*Task statement*
Take the material below and reproduce, word for word, only the lines from the line with "using admissible_trans[OF le]" through the line with "1)) oneI) (F".

Extracted records section start

lemma lmax_greatest:
  assumes "admissible le" "n \<ge> 1" "\<forall>j\<in>{1..n}. X j \<in> Lint"
  shows "lmax le n X \<in> X ` {1..n}" and "\<forall>z\<in>X ` {1..n}. le z (lmax le n X)"
proof -
  have S: "finite (X ` {1..n})" "X ` {1..n} \<noteq> {}" "X ` {1..n} \<subseteq> Lint"
    using assms by auto
  then obtain y where y: "y \<in> X ` {1..n}" "\<forall>z\<in>X ` {1..n}. le z y"
    using admissible_greatest_exists[OF assms(1)] by blast
  have "\<exists>!y. y \<in> X ` {1..n} \<and> (\<forall>z\<in>X ` {1..n}. le z y)"
  proof (rule ex1I[of _ y])
    fix w assume w: "w \<in> X ` {1..n} \<and> (\<forall>z\<in>X ` {1..n}. le z w)"
    show "w = y"
      using admissible_antisym[OF assms(1)] w y S(3) by (meson subsetD)
  qed (use y in blast)
  then have "lmax le n X \<in> X ` {1..n} \<and> (\<forall>z\<in>X ` {1..n}. le z (lmax le n X))"
    unfolding lmax_def by (rule theI')
  then show "lmax le n X \<in> X ` {1..n}" and "\<forall>z\<in>X ` {1..n}. le z (lmax le n X)"
    by blast+
qed

lemma lmax_in_Lint:
  assumes "admissible le" "n \<ge> 1" "\<forall>j\<in>{1..n}. X j \<in> Lint"
  shows "lmax le n X \<in> Lint"
  using lmax_greatest(1)[OF assms] assms(3) by auto

lemma lmax_le_lmax_if_dominated:
  assumes "admissible le" "n \<ge> 1"
    and X: "\<forall>j\<in>{1..n}. X j \<in> Lint" and Y: "\<forall>j\<in>{1..n}. Y j \<in> Lint"
    and dom: "\<forall>k\<in>{1..n}. \<exists>k'\<in>{1..n}. le (X k) (Y k')"
  shows "le (lmax le n X) (lmax le n Y)"
proof -
  obtain k where k: "k \<in> {1..n}" "lmax le n X = X k"
    using lmax_greatest(1)[OF assms(1,2) X] by blast
  obtain k' where k': "k' \<in> {1..n}" "le (X k) (Y k')"
    using dom k(1) by blast
  have "le (Y k') (lmax le n Y)"
    using lmax_greatest(2)[OF assms(1,2) Y] k'(1) by blast
  then show ?thesis
    unfolding k(2)
    using admissible_trans[OF assms(1) _ _ lmax_in_Lint[OF assms(1,2) Y] k'(2)] k(1) k'(1) X Y
    by blast
qed

lemma iv_fuzzy_measure_in_Lint: "iv_fuzzy_measure le n m \<Longrightarrow> A \<subseteq> {1..n} \<Longrightarrow> m A \<in> Lint"
  unfolding iv_fuzzy_measure_def by blast

lemma iv_fuzzy_measure_mono:
  "iv_fuzzy_measure le n m \<Longrightarrow> A \<subseteq> B \<Longrightarrow> B \<subseteq> {1..n} \<Longrightarrow> le (m A) (m B)"
  unfolding iv_fuzzy_measure_def by blast

lemma iv_fuzzy_measure_top: "iv_fuzzy_measure le n m \<Longrightarrow> m {1..n} = oneI"
  unfolding iv_fuzzy_measure_def by blast

lemma permutes_tail_subset:
  fixes n :: nat
  assumes "\<sigma> permutes {1..n}" "1 \<le> k"
  shows "\<sigma> ` {k..n} \<subseteq> {1..n}"
proof -
  have "\<sigma> ` {k..n} \<subseteq> \<sigma> ` {1..n}"
    using assms(2) by (intro image_mono) auto
  then show ?thesis
    by (simp only: permutes_image[OF assms(1)])
qed

lemma permutes_least_tail_superset:
  fixes \<sigma> :: "nat \<Rightarrow> nat"
  assumes \<sigma>: "\<sigma> permutes {1..n}" and A: "A \<subseteq> {1..n}" "A \<noteq> {}"
  obtains k where "k \<in> {1..n}" "\<sigma> k \<in> A" "A \<subseteq> \<sigma> ` {k..n}"
proof -
  define K where "K = {k\<in>{1..n}. \<sigma> k \<in> A}"
  have K: "k \<in> K \<longleftrightarrow> k \<in> {1..n} \<and> \<sigma> k \<in> A" for k
    unfolding K_def by simp
  have "A \<subseteq> \<sigma> ` K"
  proof
    fix a assume "a \<in> A"
    then have "a \<in> \<sigma> ` {1..n}"
      using A(1) permutes_image[OF \<sigma>] by blast
    then show "a \<in> \<sigma> ` K"
      using \<open>a \<in> A\<close> K by auto
  qed
  have "finite K"
    unfolding K_def by simp
  moreover have "K \<noteq> {}"
    using A(2) \<open>A \<subseteq> \<sigma> ` K\<close> by auto
  ultimately have "Min K \<in> K"
    by (rule Min_in)
  have "K \<subseteq> {Min K..n}"
    using \<open>finite K\<close> K by auto
  then have "A \<subseteq> \<sigma> ` {Min K..n}"
    using \<open>A \<subseteq> \<sigma> ` K\<close> by blast
  then show thesis
    using that \<open>Min K \<in> K\<close> K by blast
qed

lemma sorting_perm_least_on_tail:
  assumes "sorting_perm le n X \<sigma>" "1 \<le> k" "j \<in> \<sigma> ` {k..n}"
  shows "le (X (\<sigma> k)) (X j)"
  using assms unfolding sorting_perm_def by auto

lemma sorting_perm_first_least:
  assumes "sorting_perm le n X \<sigma>" "j \<in> {1..n}"
  shows "le (X (\<sigma> 1)) (X j)"
proof -
  have "\<sigma> ` {1..n} = {1..n}"
    using assms(1) permutes_image unfolding sorting_perm_def by blast
  then show ?thesis
    using sorting_perm_least_on_tail[OF assms(1)] assms(2) by simp
qed

definition sugeno_terms ::
  "(real \<times> real \<Rightarrow> real \<times> real \<Rightarrow> real \<times> real) \<Rightarrow> nat \<Rightarrow> (nat set \<Rightarrow> real \<times> real)
   \<Rightarrow> (nat \<Rightarrow> real \<times> real) \<Rightarrow> (nat \<Rightarrow> nat) \<Rightarrow> nat \<Rightarrow> real \<times> real" where
  "sugeno_terms F n m X \<sigma> = (\<lambda>i. F (X (\<sigma> i)) (m (\<sigma> ` {i..n})))"

lemma sugeno_val_eq: "sugeno_val F G n m X \<sigma> = G (sugeno_terms F n m X \<sigma>)"
  unfolding sugeno_val_def sugeno_terms_def ..

lemma sugeno_terms_in_Lint:
  assumes F: "\<forall>x\<in>Lint. \<forall>y\<in>Lint. F x y \<in> Lint" and m: "iv_fuzzy_measure le n m"
    and X: "\<forall>j\<in>{1..n}. X j \<in> Lint" and \<sigma>: "\<sigma> permutes {1..n}"
  shows "\<forall>k\<in>{1..n}. sugeno_terms F n m X \<sigma> k \<in> Lint"
proof
  fix k assume k: "k \<in> {1..n}"
  have "X (\<sigma> k) \<in> Lint"
    using X permutes_in_image[OF \<sigma>] k by blast
  moreover have "m (\<sigma> ` {k..n}) \<in> Lint"
    using iv_fuzzy_measure_in_Lint[OF m permutes_tail_subset[OF \<sigma>]] k by simp
  ultimately show "sugeno_terms F n m X \<sigma> k \<in> Lint"
    using F unfolding sugeno_terms_def by blast
qed

lemma sugeno_terms_first:
  assumes "iv_fuzzy_measure le n m" "\<sigma> permutes {1..n}"
  shows "sugeno_terms F n m X \<sigma> 1 = F (X (\<sigma> 1)) oneI"
  using iv_fuzzy_measure_top[OF assms(1)] permutes_image[OF assms(2)]
  unfolding sugeno_terms_def by simp

lemma sugeno_terms_dominated:
  assumes le: "admissible le"
    and F: "\<forall>x\<in>Lint. \<forall>y\<in>Lint. F x y \<in> Lint"
    and F_mono1: "\<forall>y\<in>Lint. mono_le le (\<lambda>x. F x y)"
    and F_mono2: "\<forall>x\<in>Lint. mono_le le (\<lambda>y. F x y)"
    and m: "iv_fuzzy_measure le n m"
    and X: "\<forall>j\<in>{1..n}. X j \<in> Lint" and Y: "\<forall>j\<in>{1..n}. Y j \<in> Lint"
    and XY: "\<forall>j\<in>{1..n}. le (X j) (Y j)"
    and \<sigma>: "sorting_perm le n X \<sigma>" and \<sigma>': "\<sigma>' permutes {1..n}"
    and k: "k \<in> {1..n}"
  shows "\<exists>k'\<in>{1..n}. le (sugeno_terms F n m X \<sigma> k) (sugeno_terms F n m Y \<sigma>' k')"
proof -
  have \<sigma>_perm: "\<sigma> permutes {1..n}"
    using \<sigma> unfolding sorting_perm_def by blast
  define E where "E = \<sigma> ` {k..n}"
  have E: "E \<subseteq> {1..n}" "E \<noteq> {}"
    using permutes_tail_subset[OF \<sigma>_perm] k unfolding E_def by auto
  obtain k' where k': "k' \<in> {1..n}" "\<sigma>' k' \<in> E" and E_sub: "E \<subseteq> \<sigma>' ` {k'..n}"
    using permutes_least_tail_superset[OF \<sigma>' E] by blast
  define E' where "E' = \<sigma>' ` {k'..n}"
  have E': "E' \<subseteq> {1..n}"
    using permutes_tail_subset[OF \<sigma>'] k' unfolding E'_def by simp
  have x: "X (\<sigma> k) \<in> Lint" and x': "X (\<sigma>' k') \<in> Lint" and y': "Y (\<sigma>' k') \<in> Lint"
    using X Y k k' permutes_in_image[OF \<sigma>_perm] permutes_in_image[OF \<sigma>'] by blast+
  have mE: "m E \<in> Lint" and mE': "m E' \<in> Lint"
    using iv_fuzzy_measure_in_Lint[OF m] E E' by blast+
  have "le (X (\<sigma> k)) (X (\<sigma>' k'))"
    using sorting_perm_least_on_tail[OF \<sigma>] k k'(2) unfolding E_def by simp
  moreover have "le (X (\<sigma>' k')) (Y (\<sigma>' k'))"
    using XY k'(1) permutes_in_image[OF \<sigma>'] by blast
  ultimately have "le (X (\<sigma> k)) (Y (\<sigma>' k'))"
    using admissible_trans[OF le x x' y'] by blast
  then have "le (F (X (\<sigma> k)) (m E)) (F (Y (\<sigma>' k')) (m E))"
    using mono_leD[OF _ x y'] F_mono1 mE by blast
  moreover have "le (m E) (m E')"
    using iv_fuzzy_measure_mono[OF m E_sub[folded E'_def] E'] .
  then have "le (F (Y (\<sigma>' k')) (m E)) (F (Y (\<sigma>' k')) (m E'))"
    using mono_leD[OF _ mE mE'] F_mono2 y' by blast
  ultimately have "le (F (X (\<sigma> k)) (m E)) (F (Y (\<sigma>' k')) (m E'))"
    using admissible_trans[OF le] F x y' mE mE' by blast
  then show ?thesis
    using k'(1) unfolding sugeno_terms_def E_def E'_def by blast
qed

lemma sugeno_val_mono_proj:
  assumes le: "admissible le" "n \<ge> 1"
    and F: "\<forall>x\<in>Lint. \<forall>y\<in>Lint. F x y \<in> Lint" and F_mono: "mono_le le (\<lambda>x. F x oneI)"
    and f: "mono_le le f" and G: "\<forall>X. (\<forall>j\<in>{1..n}. X j \<in> Lint) \<longrightarrow> G X = f (X 1)"
    and m: "iv_fuzzy_measure le n m"
    and X: "\<forall>j\<in>{1..n}. X j \<in> Lint" and Y: "\<forall>j\<in>{1..n}. Y j \<in> Lint"
    and XY: "\<forall>j\<in>{1..n}. le (X j) (Y j)"
    and \<sigma>: "sorting_perm le n X \<sigma>" and \<sigma>': "\<sigma>' permutes {1..n}"
  shows "le (sugeno_val F G n m X \<sigma>) (sugeno_val F G n m Y \<sigma>')"
proof -
  have \<sigma>_perm: "\<sigma> permutes {1..n}"
    using \<sigma> unfolding sorting_perm_def by blast
  have one: "1 \<in> {1..n}" "oneI \<in> Lint"
    using le(2) unfolding oneI_def Lint_def by auto
  have x: "X (\<sigma> 1) \<in> Lint" and x': "X (\<sigma>' 1) \<in> Lint" and y': "Y (\<sigma>' 1) \<in> Lint"
    using X Y one permutes_in_image[OF \<sigma>_perm] permutes_in_image[OF \<sigma>'] by blast+
  have "le (X (\<sigma> 1)) (Y (\<sigma>' 1))"
    using sorting_perm_first_least[OF \<sigma>] XY admissible_trans[OF le(1) x x' y']
      one permutes_in_image[OF \<sigma>'] by blast
  then have "le (F (X (\<sigma> 1)) oneI) (F (Y (\<sigma>' 1)) oneI)"
    using mono_leD[OF F_mono x y'] by simp
  then have "le (f (F (X (\<sigma> 1)) oneI)) (f (F (Y (\<sigma>' 1)) oneI))"
    using mono_leD[OF f] F x y' one by blast
  then show ?thesis
    unfolding sugeno_val_eq
      G[THEN spec, THEN mp, OF sugeno_terms_in_Lint[OF F m X \<sigma>_perm]]
      G[THEN spec, THEN mp, OF sugeno_terms_in_Lint[OF F m Y \<sigma>']]
      sugeno_terms_first[OF m \<sigma>_perm] sugeno_terms_first[OF m \<sigma>'] .
qed

lemma sugeno_val_mono_max:
  assumes le: "admissible le" "n \<ge> 1"
    and F: "\<forall>x\<in>Lint. \<forall>y\<in>Lint. F x y \<in> Lint"
    and F_mono1: "\<forall>y\<in>Lint. mono_le le (\<lambda>x. F x y)"
    and F_mono2: "\<forall>x\<in>Lint. mono_le le (\<lambda>y. F x y)"
    and f: "mono_le le f" and G: "\<forall>X. (\<forall>j\<in>{1..n}. X j \<in> Lint) \<longrightarrow> G X = f (lmax le n X)"
    and m: "iv_fuzzy_measure le n m"
    and X: "\<forall>j\<in>{1..n}. X j \<in> Lint" and Y: "\<forall>j\<in>{1..n}. Y j \<in> Lint"
    and XY: "\<forall>j\<in>{1..n}. le (X j) (Y j)"
    and \<sigma>: "sorting_perm le n X \<sigma>" and \<sigma>': "\<sigma>' permutes {1..n}"
  shows "le (sugeno_val F G n m X \<sigma>) (sugeno_val F G n m Y \<sigma>')"
proof -
  define T where "T = sugeno_terms F n m X \<sigma>"
  define T' where "T' = sugeno_terms F n m Y \<sigma>'"
  have T: "\<forall>k\<in>{1..n}. T k \<in> Lint" and T': "\<forall>k\<in>{1..n}. T' k \<in> Lint"
    using sugeno_terms_in_Lint[OF F m] X Y \<sigma> \<sigma>'
    unfolding T_def T'_def sorting_perm_def by blast+
  have "le (lmax le n T) (lmax le n T')"
    using lmax_le_lmax_if_dominated[OF le T T']
      sugeno_terms_dominated[OF le(1) F F_mono1 F_mono2 m X Y XY \<sigma> \<sigma>']
    unfolding T_def T'_def by blast
  then have "le (f (lmax le n T)) (f (lmax le n T'))"
    by (rule mono_leD[OF f lmax_in_Lint[OF le T] lmax_in_Lint[OF le T']])
  then show ?thesis
    unfolding sugeno_val_eq T_def[symmetric] T'_def[symmetric]
      G[THEN spec, THEN mp, OF T] G[THEN spec, THEN mp, OF T'] .
qed

lemma sugeno_FG_nondecreasingI:
  assumes "admissible le"
    and mono: "\<And>X Y \<sigma> \<sigma>'. \<forall>j\<in>{1..n}. X j \<in> Lint \<Longrightarrow> \<forall>j\<in>{1..n}. Y j \<in> Lint \<Longrightarrow>
      \<forall>j\<in>{1..n}. le (X j) (Y j) \<Longrightarrow> sorting_perm le n X \<sigma> \<Longrightarrow> \<sigma>' permutes {1..n} \<Longrightarrow>
      le (sugeno_val F G n m X \<sigma>) (sugeno_val F G n m Y \<sigma>')"
  shows "sugeno_FG_nondecreasing le F G n m"
  unfolding sugeno_FG_nondecreasing_def
proof (intro allI impI)
  fix X i y \<sigma> \<sigma>'
  assume X: "\<forall>j\<in>{1..n}. X j \<in> Lint" and "i \<in> {1..n}" and y: "y \<in> Lint" and "le (X i) y"
    and \<sigma>: "sorting_perm le n X \<sigma>" and \<sigma>': "sorting_perm le n (X(i := y)) \<sigma>'"
  have "\<forall>j\<in>{1..n}. le (X j) ((X(i := y)) j)"
    using \<open>le (X i) y\<close> X admissible_refl[OF assms(1)] by simp
  moreover have "\<forall>j\<in>{1..n}. (X(i := y)) j \<in> Lint"
    using X y by simp
  ultimately show "le (sugeno_val F G n m X \<sigma>) (sugeno_val F G n m (X(i := y)) \<sigma>')"
    using mono[OF X _ _ \<sigma>] \<sigma>' unfolding sorting_perm_def by blast
qed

Extracted records section end

*Answer box*
    using admissible_trans[OF le] F x y' mE mE' by blast
  then show ?thesis
    using k'(1) unfolding sugeno_terms_def E_def E'_def by blast
qed

lemma sugeno_val_mono_proj:
  assumes le: "admissible le" "n \<ge> 1"
    and F: "\<forall>x\<in>Lint. \<forall>y\<in>Lint. F x y \<in> Lint" and F_mono: "mono_le le (\<lambda>x. F x oneI)"
    and f: "mono_le le f" and G: "\<forall>X. (\<forall>j\<in>{1..n}. X j \<in> Lint) \<longrightarrow> G X = f (X 1)"
    and m: "iv_fuzzy_measure le n m"
    and X: "\<forall>j\<in>{1..n}. X j \<in> Lint" and Y: "\<forall>j\<in>{1..n}. Y j \<in> Lint"
    and XY: "\<forall>j\<in>{1..n}. le (X j) (Y j)"
    and \<sigma>: "sorting_perm le n X \<sigma>" and \<sigma>': "\<sigma>' permutes {1..n}"
  shows "le (sugeno_val F G n m X \<sigma>) (sugeno_val F G n m Y \<sigma>')"
proof -
  have \<sigma>_perm: "\<sigma> permutes {1..n}"
    using \<sigma> unfolding sorting_perm_def by blast
  have one: "1 \<in> {1..n}" "oneI \<in> Lint"
    using le(2) unfolding oneI_def Lint_def by auto
  have x: "X (\<sigma> 1) \<in> Lint" and x': "X (\<sigma>' 1) \<in> Lint" and y': "Y (\<sigma>' 1) \<in> Lint"
    using X Y one permutes_in_image[OF \<sigma>_perm] permutes_in_image[OF \<sigma>'] by blast+
  have "le (X (\<sigma> 1)) (Y (\<sigma>' 1))"
    using sorting_perm_first_least[OF \<sigma>] XY admissible_trans[OF le(1) x x' y']
      one permutes_in_image[OF \<sigma>'] by blast
  then have "le (F (X (\<sigma> 1)) oneI) (F (Y (\<sigma>' 1)) oneI)"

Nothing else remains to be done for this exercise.